Git Stage Lines
daily driverStage exactly the lines you want in a git commit - no interactive menus, no fuss.
Git Stage Lines is a small command-line tool that lets you tell git exactly which lines of a file to include in a commit. It's the answer to a problem git doesn't solve on its own: "I only want lines 10 through 42 in this next commit."
- Python
- Git
Git has a mode called "interactive patching" that lets you pick which changes to stage, but it opens a menu and waits for you to answer questions; you can't use it in a script. Git Stage Lines skips all that: you just say the file and the line numbers, and it handles the rest. It's the kind of sharp little tool that makes a workflow noticeably cleaner, and my agents use it every day to keep commits tidy and logical.
What it does
When you're working on code, it's common to have changes to the same file that belong in two different commits - a bug fix and a new feature, say.
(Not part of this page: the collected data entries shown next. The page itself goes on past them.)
lemma nn_integral_weighted_normal_density_diff_le:
  fixes s t \<sigma> :: real
  assumes \<sigma>: "1 \<le> \<sigma>"
  defines "d \<equiv> \<bar>s - t\<bar>"
  shows "(\<integral>\<^sup>+x. ennreal ((1/2 + \<bar>x - t\<bar>) * \<bar>normal_density t \<sigma> x - normal_density s 1 x\<bar>) \<partial>lborel) \<le>
    ennreal ((1/2 + d/2) * (2 * std_normal_peak * d + 8/3 * std_normal_peak * (\<sigma> - 1)) +
      d + 3 * std_normal_peak * (\<sigma> - 1))"
proof -
  let ?p = std_normal_peak
  define B where "B u = (1/2 + (1 - u) * d) * d * (2 * ?p) + d + (\<sigma> - 1) * ((1/2 + (1 - u) * d) * (8/3 * ?p) + 3 * ?p)"
    for u
  define F where "F u = (u/2 + (u - u\<^sup>2/2) * d) * d * (2 * ?p) + d * u +
      (\<sigma> - 1) * ((u/2 + (u - u\<^sup>2/2) * d) * (8/3 * ?p) + 3 * ?p * u)" for u
  have "(\<integral>\<^sup>+x. ennreal ((1/2 + \<bar>x - t\<bar>) * \<bar>normal_density t \<sigma> x - normal_density s 1 x\<bar>) \<partial>lborel) \<le>
      (\<integral>\<^sup>+u. (\<integral>\<^sup>+x. ennreal (1/2 + \<bar>x - t\<bar>) * ennreal \<bar>normal_path_deriv s t \<sigma> u x\<bar> \<partial>lborel) *
        indicator {0..1} u \<partial>lborel)"
    using nn_integral_weighted_normal_density_diff_le_path[OF \<sigma>, of "\<lambda>x. ennreal (1/2 + \<bar>x - t\<bar>)" t s]
    by (simp add: ennreal_mult)
  also have "\<dots> \<le> (\<integral>\<^sup>+u. ennreal (B u) * indicator {0..1} u \<partial>lborel)"
  proof (intro nn_integral_mono)
    fix u :: real
    show "(\<integral>\<^sup>+x. ennreal (1/2 + \<bar>x - t\<bar>) * ennreal \<bar>normal_path_deriv s t \<sigma> u x\<bar> \<partial>lborel) *
        indicator {0..1} u \<le> ennreal (B u) * indicator {0..1} u"
      using nn_integral_weighted_normal_path_deriv_le[OF \<sigma>, where s = s and t = t and u = u]
      by (cases "u \<in> {0..1}") (simp_all add: B_def d_def ennreal_mult)
  qed
  also have "\<dots> = ennreal (F 1 - F 0)"
  proof (rule nn_integral_FTC_Icc)
    show "B \<in> borel_measurable borel"
      unfolding B_def by measurable
    fix u :: real assume "u \<in> {0..1}"
    then show "0 \<le> B u"
      using \<sigma> by (simp add: B_def d_def)
    show "(F has_real_derivative B u) (at u)"
      unfolding F_def[abs_def] B_def by (auto intro!: derivative_eq_intros simp: field_simps)
  qed simp
  also have "F 1 - F 0 = (1/2 + d/2) * (2 * ?p * d + 8/3 * ?p * (\<sigma> - 1)) + d + 3 * ?p * (\<sigma> - 1)"
    by (simp add: F_def field_simps power2_eq_square)
  finally show ?thesis .
qed

section \<open>The affine coupling of two normal laws\<close>

lemma measurable_graph:
  assumes "sets M = sets borel" and [measurable]: "T \<in> borel_measurable borel"
  shows "(\<lambda>x. (x, T x)) \<in> M \<rightarrow>\<^sub>M (borel :: (real \<times> real) measure)"
proof -
  have "(\<lambda>x. (x, T x)) \<in> borel \<rightarrow>\<^sub>M borel \<Otimes>\<^sub>M borel"
    by measurable
  then show ?thesis
    by (simp add: measurable_cong_sets[OF assms(1) refl] borel_prod)
qed

lemma graph_coupling_in_couplings:
  assumes M: "prob_space M" "sets M = sets borel" and T: "T \<in> borel_measurable borel"
  shows "distr M borel (\<lambda>x. (x, T x)) \<in> couplings M (distr M borel T)"
proof -
  have [measurable]: "(\<lambda>x. (x, T x)) \<in> M \<rightarrow>\<^sub>M borel" "T \<in> M \<rightarrow>\<^sub>M borel"
    using measurable_graph[OF M(2) T] T by (simp_all add: measurable_cong_sets[OF M(2) refl])
  have "distr (distr M borel (\<lambda>x. (x, T x))) borel fst = distr M borel (\<lambda>x. x)"
    by (subst distr_distr) (simp_all add: comp_def)
  also have "\<dots> = M"
    by (rule distr_id2) (simp add: M)
  finally have "distr (distr M borel (\<lambda>x. (x, T x))) borel fst = M" .
  moreover have "distr (distr M borel (\<lambda>x. (x, T x))) borel snd = distr M borel T"
    by (subst distr_distr) (simp_all add: comp_def)
  ultimately show ?thesis
    using M by (simp add: couplings_def prob_space.prob_space_distr)
qed

lemma distr_normal_density_affine:
  fixes s t \<sigma> :: real
  assumes "0 < \<sigma>"
  shows "distr (density lborel (normal_density s 1)) borel (\<lambda>x. t + \<sigma> * (x - s)) =
    density lborel (normal_density t \<sigma>)"
proof -
  let ?M = "density lborel (normal_density s 1)"
  have "distributed ?M lborel (\<lambda>x. x) (normal_density s 1)"
    by (simp add: distributed_def distr_id2)
  from prob_space.normal_density_affine[OF prob_space_normal_density this, of \<sigma> "t - \<sigma> * s"] assms
  show ?thesis
    by (simp add: distributed_def algebra_simps cong: distr_cong)
qed

lemma nn_integral_normal_density_affine_abs:
  fixes s a k :: real
  assumes "0 \<le> a" "0 \<le> k"
  shows "(\<integral>\<^sup>+x. ennreal (normal_density s 1 x) * ennreal (a + k * \<bar>x - s\<bar>) \<partial>lborel) =
    ennreal (a + k * (2 * std_normal_peak))"
proof -
  let ?f = "\<lambda>x. a * normal_density s 1 x + k * (normal_density s 1 x * \<bar>x - s\<bar>)"
  have "has_bochner_integral lborel (\<lambda>x. normal_density s 1 x * \<bar>x - s\<bar>) (2 * std_normal_peak)"
    using normal_moment_abs_odd[of 1 s 0] by (simp add: sqrt_2_div_pi)
  then have f: "has_bochner_integral lborel ?f (a * 1 + k * (2 * std_normal_peak))"
    by (intro has_bochner_integral_add has_bochner_integral_mult_right)
      (use normal_moment_even[of 1 s 0] in simp_all)
  have "ennreal (normal_density s 1 x) * ennreal (a + k * \<bar>x - s\<bar>) = ennreal (?f x)" for x
    using assms by (simp add: ennreal_mult[symmetric] distrib_left mult_ac del: ennreal_plus)
  then have "(\<integral>\<^sup>+x. ennreal (normal_density s 1 x) * ennreal (a + k * \<bar>x - s\<bar>) \<partial>lborel) =
      ennreal (\<integral>x. ?f x \<partial>lborel)"
    using assms by (simp del: ennreal_plus add: nn_integral_eq_integral integrable.intros[OF f])
  then show ?thesis
    by (simp add: has_bochner_integral_integral_eq[OF f])
qed

lemma Tc_normal_le_affine_coupling:
  fixes s t \<sigma> :: real
  assumes \<sigma>: "1 \<le> \<sigma>"
  shows "Tc (density lborel (normal_density s 1)) (density lborel (normal_density t \<sigma>)) \<le>
    ennreal (1 + \<bar>s - t\<bar> + (\<sigma> - 1) * (2 * std_normal_peak))"
proof -
  define M where "M = density lborel (normal_density s 1)"
  define T where "T = (\<lambda>x. t + \<sigma> * (x - s))"
  have M: "prob_space M" "sets M = sets borel"
    by (simp_all add: M_def prob_space_normal_density)
  have T_measurable[measurable]: "T \<in> borel_measurable borel"
    unfolding T_def by measurable
  have "distr M borel (\<lambda>x. (x, T x)) \<in> couplings M (density lborel (normal_density t \<sigma>))"
    using graph_coupling_in_couplings[OF M T_measurable] distr_normal_density_affine[of \<sigma> s t] \<sigma>
    by (simp add: M_def T_def)
  then have "Tc M (density lborel (normal_density t \<sigma>)) \<le> (\<integral>\<^sup>+x. transport_cost (x, T x) \<partial>M)"
    using Tc_le_coupling_cost nn_integral_distr[OF measurable_graph[OF M(2) T_measurable]] by fastforce
  also have "\<dots> \<le> (\<integral>\<^sup>+x. ennreal (normal_density s 1 x) * ennreal ((1 + \<bar>s - t\<bar>) + (\<sigma> - 1) * \<bar>x - s\<bar>) \<partial>lborel)"
  proof -
    have "transport_cost (x, T x) \<le> ennreal ((1 + \<bar>s - t\<bar>) + (\<sigma> - 1) * \<bar>x - s\<bar>)" for x
    proof -
      have "x - T x = (s - t) - (\<sigma> - 1) * (x - s)"
        by (simp add: T_def algebra_simps)
      then have "\<bar>x - T x\<bar> \<le> \<bar>s - t\<bar> + (\<sigma> - 1) * \<bar>x - s\<bar>"
        using \<sigma> abs_triangle_ineq4[of "s - t" "(\<sigma> - 1) * (x - s)"] by (simp add: abs_mult)
      then show ?thesis
        unfolding transport_cost_def by (intro ennreal_leI) auto
    qed
    then show ?thesis
      unfolding M_def by (subst nn_integral_density) (auto intro!: nn_integral_mono mult_left_mono)
  qed
  also have "\<dots> = ennreal (1 + \<bar>s - t\<bar> + (\<sigma> - 1) * (2 * std_normal_peak))"
    by (rule nn_integral_normal_density_affine_abs) (use \<sigma> in auto)
  finally show ?thesis
    by (simp add: M_def)
qed

lemma path_bound_le_double:
  fixes x y p :: real
  assumes "0 \<le> x" "0 \<le> y" "x + y \<le> 1" "0 \<le> p" "p \<le> 41 / 100"
  shows "(1/2 + x/2) * (2 * p * x + 8/3 * p * y) + x + 3 * p * y \<le> 2 * (x + y)"
proof -
  have expand: "(1/2 + x/2) * (2 * p * x + 8/3 * p * y) + x + 3 * p * y =
      x + p * (x + x * x + 13/3 * y + 4/3 * (x * y))"
    by (simp add: field_simps)
  have "x * x \<le> x * (1 - y)" "x * y \<le> 1 * y"
    using assms by (intro mult_left_mono mult_right_mono; simp)+
  then have "x + x * x + 13/3 * y + 4/3 * (x * y) \<le> 2 * x + 14/3 * y"
    by (simp add: algebra_simps)
  moreover have "0 \<le> x + x * x + 13/3 * y + 4/3 * (x * y)"
    using assms by simp
  ultimately have "p * (x + x * x + 13/3 * y + 4/3 * (x * y)) \<le> 41/100 * (2 * x + 14/3 * y)"
    using assms by (intro mult_mono) auto
  then show ?thesis
    unfolding expand using assms by simp
qed

theorem lemma2p2:
  fixes s t b :: real
  assumes "b \<ge> 0"
  shows "Tc (gauss s 0) (gauss t b) \<le> ennreal (2 * (\<bar>s - t\<bar> + exp b - 1))"
proof -
  define \<sigma> where "\<sigma> = exp b"
  have \<sigma>: "1 \<le> \<sigma>"
    using assms by (simp add: \<sigma>_def)
  have gauss: "gauss s 0 = density lborel (normal_density s 1)" "gauss t b = density lborel (normal_density t \<sigma>)"
    by (simp_all add: gauss_def \<sigma>_def)
  have p: "0 \<le> std_normal_peak" "2 * std_normal_peak \<le> 1"
    using std_normal_peak_le by (simp, linarith)
  show ?thesis
  proof (cases "1 \<le> \<bar>s - t\<bar> + (\<sigma> - 1)")
    case True
    have "Tc (gauss s 0) (gauss t b) \<le> ennreal (1 + \<bar>s - t\<bar> + (\<sigma> - 1) * (2 * std_normal_peak))"
      unfolding gauss by (rule Tc_normal_le_affine_coupling[OF \<sigma>])
    also have "\<dots> \<le> ennreal (2 * (\<bar>s - t\<bar> + exp b - 1))"
      using True \<sigma> p mult_left_mono[of "2 * std_normal_peak" 1 "\<sigma> - 1"]
      by (intro ennreal_leI) (simp add: \<sigma>_def)
    finally show ?thesis .
  next
    case False
    have "Tc (gauss s 0) (gauss t b) \<le>
        (\<integral>\<^sup>+x. ennreal ((1/2 + \<bar>x - t\<bar>) * \<bar>normal_density t \<sigma> x - normal_density s 1 x\<bar>) \<partial>lborel)"
      unfolding gauss using \<sigma> by (intro Tc_density_le_weighted_L1) (simp_all add: nn_integral_eq_integral)
    also have "\<dots> \<le> ennreal ((1/2 + \<bar>s - t\<bar>/2) * (2 * std_normal_peak * \<bar>s - t\<bar> + 8/3 * std_normal_peak * (\<sigma> - 1)) +
        \<bar>s - t\<bar> + 3 * std_normal_peak * (\<sigma> - 1))"
      by (rule nn_integral_weighted_normal_density_diff_le[OF \<sigma>])
    also have "\<dots> \<le> ennreal (2 * (\<bar>s - t\<bar> + exp b - 1))"
      using path_bound_le_double[of "\<bar>s - t\<bar>" "\<sigma> - 1" std_normal_peak] False \<sigma> p std_normal_peak_le
      by (intro ennreal_leI) (simp add: \<sigma>_def)
    finally show ?thesis .
  qed
qed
Git's built-in tools can split changes, but only through an interactive menu you can't automate. Git Stage Lines solves that with a simple command: give it a filename and a line range, and it stages exactly those lines, leaving the rest untouched. Under the hood it reads the diff, parses it into structured pieces, and surgically rebuilds just the patch you asked for, even if your range cuts right through the middle of a change. No external libraries needed, just Python and git.
Why it's neat
Surgical precision
You can say "stage lines 10 to 42" and only those lines go into the next commit; the rest stay unstaged.
Works in scripts
Because it's a plain command with no interactive menus, AI agents can call it to stage exactly the right lines without any human input.
No extra dependencies
It's pure Python using only the standard library - nothing to install beyond Python itself and git.
How it works
1. Read the diff
The tool runs git diff on the file to see all the current unstaged changes.
2. Parse into pieces
It breaks the diff into structured chunks (called "hunks") so it can reason about exactly which lines changed where.
3. Filter to your range
It keeps only the hunks that overlap with the line range you asked for, splitting a hunk if your range cuts through the middle.
4. Apply the patch
It assembles a valid patch from just those lines and tells git to stage it, leaving everything else untouched.